The fact of the matter folks, is that a Puppy Mill can be any size, from the so called "family pet" who is bred every time she comes into season, to the giant commercial breeder who owns a hundred dogs of a dozen or more popular breeds. What makes a Puppy mill is the disregard for the betterment of the breed in general, and the welfare of the individual dog specifically: the common denominator is profit.

The fact that puppies from a puppy mill are sick and genetically defective should surprise no-one. When the motive behind breeding a dog is profit, it stands to reason that the bitches will be used as "puppy machines", and that testing for genetic diseases can only hurt one's profit margin.

The thinking seems to be "Why should I have this dog checked for Hip Dysplasia, or these puppies tested for hearing? I don't want to spend the money on another stud dog just because some of his puppies might go lame in a few years. That's not my problem. And you're crazy if you think I'm going to have a puppy put down just because it's deaf. The puppy Broker will give me good money for that puppy! "

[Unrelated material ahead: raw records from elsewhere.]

lemma Omega_eq_phase_bell_diag:
  "Omega a1 a2 a3 = msmult (exp (- \<i> * (a1 - a2 + a3)))
     (bell_diag 1 (exp (2 * \<i> * a1) / exp (2 * \<i> * a2)) (exp (2 * \<i> * a3) / exp (2 * \<i> * a2))
       (exp (2 * \<i> * a1) * exp (2 * \<i> * a3)))"
proof -
  have "exp (- \<i> * (a1 - a2 + a3)) * (exp (2 * \<i> * a1) / exp (2 * \<i> * a2)) = exp (- \<i> * (a2 + a3 - a1))"
    and "exp (- \<i> * (a1 - a2 + a3)) * (exp (2 * \<i> * a3) / exp (2 * \<i> * a2)) = exp (- \<i> * (a1 + a2 - a3))"
    and "exp (- \<i> * (a1 - a2 + a3)) * (exp (2 * \<i> * a1) * exp (2 * \<i> * a3)) = exp (\<i> * (a1 + a2 + a3))"
    by (simp_all flip: exp_add exp_diff, simp_all add: algebra_simps)
  then show ?thesis
    by (simp add: Omega_eq_bell_diag msmult_bell_diag)
qed

lemma munitary_pauli1: "munitary pauli1"
  unfolding munitary_def vec_eq_iff forall_2_eq
  by (simp add: madj_def pauli1_def matrix_matrix_mult_def sum_2_eq mat_def)

lemma munitary_pauli3: "munitary pauli3"
  unfolding munitary_def vec_eq_iff forall_2_eq
  by (simp add: madj_def pauli3_def matrix_matrix_mult_def sum_2_eq mat_def)

lemma tensor_mat_1_eq_bell_diag: "mat 1 \<otimes>\<^sub>m mat 1 = bell_diag 1 1 1 1"
  by (simp add: tensor_mat_1 mat_1_eq_bell_diag)

lemma tensor_pauli1: "pauli1 \<otimes>\<^sub>m pauli1 = bell_diag 1 (-1) 1 (-1)"
  unfolding vec_eq_iff forall_2_pair by (simp add: bell_diag_def tensor_def pauli1_def)

lemma tensor_pauli3: "pauli3 \<otimes>\<^sub>m pauli3 = bell_diag 1 1 (-1) (-1)"
  unfolding vec_eq_iff forall_2_pair by (simp add: bell_diag_def tensor_def pauli3_def)

lemma swap_mat_eq_bell_diag: "swap_mat = bell_diag 1 1 1 (-1)"
  unfolding vec_eq_iff forall_2_pair by (simp add: bell_diag_def swap_mat_def)

lemma bell_diag_signs_eq_tensor:
  assumes "s\<^sup>2 = 1" "t\<^sup>2 = 1"
  obtains P where "munitary P" "bell_diag 1 s t (s * t) = P \<otimes>\<^sub>m P"
proof -
  obtain Q where Q: "munitary Q" "bell_diag 1 1 t t = Q \<otimes>\<^sub>m Q"
    using \<open>t\<^sup>2 = 1\<close> munitary_mat_1 munitary_pauli3 tensor_mat_1_eq_bell_diag tensor_pauli3
    unfolding power2_eq_1_iff by (metis (mono_tags))
  obtain R where R: "munitary R" "bell_diag 1 s 1 s = R \<otimes>\<^sub>m R"
    using \<open>s\<^sup>2 = 1\<close> munitary_mat_1 munitary_pauli1 tensor_mat_1_eq_bell_diag tensor_pauli1
    unfolding power2_eq_1_iff by (metis (mono_tags))
  have "bell_diag 1 s t (s * t) = (Q ** R) \<otimes>\<^sub>m (Q ** R)"
    using bell_diag_mult[of 1 1 t t 1 s 1 s] by (simp add: Q R tensor_mult mult.commute)
  then show ?thesis
    using Q(1) R(1) munitary_mult that by blast
qed

section \<open>Gates of vanishing entangling power\<close>

lemma pairwise_products_eq_3:
  fixes c1 c2 c3 :: real
  assumes "c1 * (c2 + c3) + c2 * c3 = 3" "\<bar>c1\<bar> \<le> 1" "\<bar>c2\<bar> \<le> 1" "\<bar>c3\<bar> \<le> 1"
  shows "c2 = c1 \<and> c3 = c1 \<and> \<bar>c1\<bar> = 1"
proof -
  have le_1: "x * y \<le> 1" if "\<bar>x\<bar> \<le> 1" "\<bar>y\<bar> \<le> 1" for x y :: real
  proof -
    have "\<bar>x\<bar> * \<bar>y\<bar> \<le> 1" using that by (simp add: mult_le_one)
    then show ?thesis by (metis abs_ge_self abs_mult order_trans)
  qed
  have 12: "c1 * c2 = 1" and 13: "c1 * c3 = 1" and 23: "c2 * c3 = 1"
    using le_1[of c1 c2] le_1[of c1 c3] le_1[of c2 c3] assms by (simp_all add: algebra_simps)
  have "c2 = (c1 * c3) * c2" using 13 by simp
  also have "\<dots> = c1 * (c2 * c3)" by (simp add: ac_simps)
  finally have "c2 = c1" using 23 by simp
  have "c3 = (c1 * c2) * c3" using 12 by simp
  also have "\<dots> = c1 * (c2 * c3)" by (simp add: ac_simps)
  finally have "c3 = c1" using 23 by simp
  moreover have "c1\<^sup>2 = 1" using 12 \<open>c2 = c1\<close> by (simp add: power2_eq_square)
  then have "\<bar>c1\<bar> = 1" by (auto simp: power2_eq_1_iff)
  ultimately show ?thesis using \<open>c2 = c1\<close> by simp
qed

lemma exp_i_eq_cos_if_abs_cos_1:
  assumes "\<bar>cos x\<bar> = 1"
  shows "exp (\<i> * of_real x) = of_real (cos x)"
proof -
  have "(cos x)\<^sup>2 = 1"
    using assms power2_abs[of "cos x"] by simp
  then have "sin x = 0"
    using sin_cos_squared_add[of x] by simp
  then show ?thesis
    by (simp add: cis_conv_exp[symmetric] complex_eq_iff)
qed

lemma exp_2i_squared_eq_cos:
  assumes "\<bar>cos (4 * a)\<bar> = 1"
  shows "(exp (2 * \<i> * of_real a))\<^sup>2 = of_real (cos (4 * a))"
proof -
  have "(exp (2 * \<i> * of_real a))\<^sup>2 = exp (\<i> * of_real (4 * a))"
    by (simp add: exp_of_nat_mult[symmetric] algebra_simps)
  then show ?thesis
    using exp_i_eq_cos_if_abs_cos_1[OF assms] by simp
qed

lemma ratios_of_square_roots:
  fixes w1 w2 w3 e :: complex
  assumes "w1\<^sup>2 = e" "w2\<^sup>2 = e" "w3\<^sup>2 = e" "e = 1 \<or> e = -1"
  shows "(w1 / w2)\<^sup>2 = 1" "(w3 / w2)\<^sup>2 = 1" "w1 * w3 = e * (w1 / w2 * (w3 / w2))"
  using assms by (auto simp: power2_eq_square field_simps)

lemma Omega_local_or_swap:
  assumes "cos (4 * a1) * (cos (4 * a2) + cos (4 * a3)) + cos (4 * a2) * cos (4 * a3) = 3"
  obtains c P where "c * cnj c = 1" "munitary P"
    "Omega a1 a2 a3 = msmult c (P \<otimes>\<^sub>m P) \<or> Omega a1 a2 a3 = msmult c (swap_mat ** (P \<otimes>\<^sub>m P))"
proof -
  define e where "e = complex_of_real (cos (4 * a1))"
  define w where "w a = exp (2 * \<i> * complex_of_real a)" for a
  have "cos (4 * a2) = cos (4 * a1)" "cos (4 * a3) = cos (4 * a1)" "\<bar>cos (4 * a1)\<bar> = 1"
    using pairwise_products_eq_3[OF assms] by simp_all
  then have w_sq: "(w a1)\<^sup>2 = e" "(w a2)\<^sup>2 = e" "(w a3)\<^sup>2 = e" and e_cases: "e = 1 \<or> e = -1"
    by (simp_all add: w_def e_def exp_2i_squared_eq_cos abs_if split: if_splits)
  define s t where "s = w a1 / w a2" and "t = w a3 / w a2"
  obtain P where P: "munitary P" "bell_diag 1 s t (s * t) = P \<otimes>\<^sub>m P"
    using bell_diag_signs_eq_tensor ratios_of_square_roots(1,2)[OF w_sq e_cases] s_def t_def by metis
  define E where "E = exp (- \<i> * (a1 - a2 + a3))"
  have "E * cnj E = 1"
    using complex_norm_square[of E] by (simp add: E_def)
  have "Omega a1 a2 a3 = msmult E (bell_diag 1 s t (w a1 * w a3))"
    unfolding E_def s_def t_def w_def by (rule Omega_eq_phase_bell_diag)
  then have Omega: "Omega a1 a2 a3 = msmult E (bell_diag 1 s t (e * (s * t)))"
    unfolding ratios_of_square_roots(3)[OF w_sq e_cases] s_def t_def .
  from e_cases show ?thesis
  proof
    assume "e = 1"
    then show ?thesis
      using that[OF \<open>E * cnj E = 1\<close> P(1)] Omega P(2) by simp
  next
    assume "e = -1"
    then have "bell_diag 1 s t (e * (s * t)) = swap_mat ** (P \<otimes>\<^sub>m P)"
      by (simp add: P(2)[symmetric] swap_mat_eq_bell_diag bell_diag_mult)
    then show ?thesis
      using that[OF \<open>E * cnj E = 1\<close> P(1)] Omega by simp
  qed
qed

lemma ptrace_E_conj_local_gate:
  fixes L1 L2 R1 R2 P :: "complex^'a::finite^'a"
  assumes "munitary L2" "munitary P" "munitary R2" "c * cnj c = 1"
  defines "U \<equiv> (L1 \<otimes>\<^sub>m L2) ** msmult c (P \<otimes>\<^sub>m P) ** (R1 \<otimes>\<^sub>m R2)"
  shows "ptrace_E (U ** M ** madj U) = (L1 ** P ** R1) ** ptrace_E M ** madj (L1 ** P ** R1)"
proof -
  have "U = msmult c ((L1 ** P ** R1) \<otimes>\<^sub>m (L2 ** P ** R2))"
    by (simp add: U_def matrix_mult_msmult_left matrix_mult_msmult_right tensor_mult)
  moreover have "munitary (L2 ** P ** R2)"
    using assms(1-3) by (simp add: munitary_mult)
  ultimately show ?thesis
    using assms(4) by (simp add: conj_msmult_phase ptrace_E_conj_tensor)
qed

lemma ptrace_E_conj_swap_gate:
  fixes L1 L2 R1 R2 P :: "complex^'a::finite^'a"
  assumes "munitary L2" "munitary P" "munitary R1" "c * cnj c = 1"
  defines "U \<equiv> (L1 \<otimes>\<^sub>m L2) ** msmult c (swap_mat ** (P \<otimes>\<^sub>m P)) ** (R1 \<otimes>\<^sub>m R2)"
  shows "ptrace_E (U ** M ** madj U) = (L1 ** P ** R2) ** ptrace_S M ** madj (L1 ** P ** R2)"
proof -
  have "U = msmult c (swap_mat ** ((L2 \<otimes>\<^sub>m L1) ** (P \<otimes>\<^sub>m P) ** (R1 \<otimes>\<^sub>m R2)))"
    by (simp add: U_def matrix_mult_msmult_left matrix_mult_msmult_right matrix_mul_assoc
        flip: swap_mat_mult_tensor)
  also have "\<dots> = msmult c (swap_mat ** ((L2 ** P ** R1) \<otimes>\<^sub>m (L1 ** P ** R2)))"
    by (simp add: tensor_mult)
  finally have "U = msmult c (swap_mat ** ((L2 ** P ** R1) \<otimes>\<^sub>m (L1 ** P ** R2)))" .
  moreover have "munitary (L2 ** P ** R1)"
    using assms(1-3) by (simp add: munitary_mult)
  ultimately show ?thesis
    using assms(4) by (simp add: conj_msmult_phase ptrace_E_conj_swap_tensor)
qed

theorem theorem3:
  fixes L1 L2 R1 R2 :: "complex^2^2" and a1 a2 a3 :: real
    and \<rho> :: "complex^(2\<times>2)^(2\<times>2)"
  assumes "munitary L1" "munitary L2" "munitary R1" "munitary R2"
    and "(3 - cos (4*a1) * (cos (4*a2) + cos (4*a3)) - cos (4*a2) * cos (4*a3)) / 4 = 0"
    and "density \<rho>"
  shows "let U = (L1 \<otimes>\<^sub>m L2) ** Omega a1 a2 a3 ** (R1 \<otimes>\<^sub>m R2) in
         \<exists>\<zeta> :: complex^2^2. density \<zeta> \<and>
           ptrace_E (U ** \<rho> ** madj U) = ptrace_E (U ** (ptrace_E \<rho> \<otimes>\<^sub>m \<zeta>) ** madj U)"
proof -
  have "cos (4 * a1) * (cos (4 * a2) + cos (4 * a3)) + cos (4 * a2) * cos (4 * a3) = 3"
    using assms(5) by (simp add: algebra_simps)
  then obtain c P where c: "c * cnj c = 1" and P: "munitary P"
    and Omega: "Omega a1 a2 a3 = msmult c (P \<otimes>\<^sub>m P) \<or> Omega a1 a2 a3 = msmult c (swap_mat ** (P \<otimes>\<^sub>m P))"
    by (rule Omega_local_or_swap)
  define U where "U = (L1 \<otimes>\<^sub>m L2) ** Omega a1 a2 a3 ** (R1 \<otimes>\<^sub>m R2)"
  have marginals: "ptrace_E (ptrace_E \<rho> \<otimes>\<^sub>m ptrace_S \<rho>) = ptrace_E \<rho>"
    "ptrace_S (ptrace_E \<rho> \<otimes>\<^sub>m ptrace_S \<rho>) = ptrace_S \<rho>"
    using assms(6) by (simp_all add: density_def ptrace_product_of_marginals)
  from Omega have "ptrace_E (U ** \<rho> ** madj U) = ptrace_E (U ** (ptrace_E \<rho> \<otimes>\<^sub>m ptrace_S \<rho>) ** madj U)"
  proof
    assume "Omega a1 a2 a3 = msmult c (P \<otimes>\<^sub>m P)"
    then show ?thesis
      using ptrace_E_conj_local_gate[OF assms(2) P assms(4) c] marginals(1) by (simp add: U_def)
  next
    assume "Omega a1 a2 a3 = msmult c (swap_mat ** (P \<otimes>\<^sub>m P))"
    then show ?thesis
      using ptrace_E_conj_swap_gate[OF assms(2) P assms(3) c] marginals(2) by (simp add: U_def)
  qed
  then show ?thesis
    using density_ptrace_S[OF assms(6)] by (auto simp: Let_def U_def)
qed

So those defective puppies just keep on coming year after year. The public, unaware of just how big the problem is, keeps returning to that pet shop window. And what about that puppy you saw going home from the mall? When the curtains don't match the couch, and the shoes don't fit, Mr. and Mrs. Impulse Buyer will return them for credit on their account. But what about when the puppy doesn't work out? Well, there's that Guarantee, if they change their mind within 30 days, but what will they do if dear little Spot is about 7 months old, obviously deaf, chewing up everything in site {including those new shoes}, and he's still not housebroken?

They will do what close to a million and a half other people do; they will take dear little Spot to the local animal shelter so he can find a 'good home'. He won't. Spot, along with 8 to 10 million other dogs and cats, will be euthanized. Spot's mother? She's already pregnant with his replacement for that wall of cages at the local pet shop.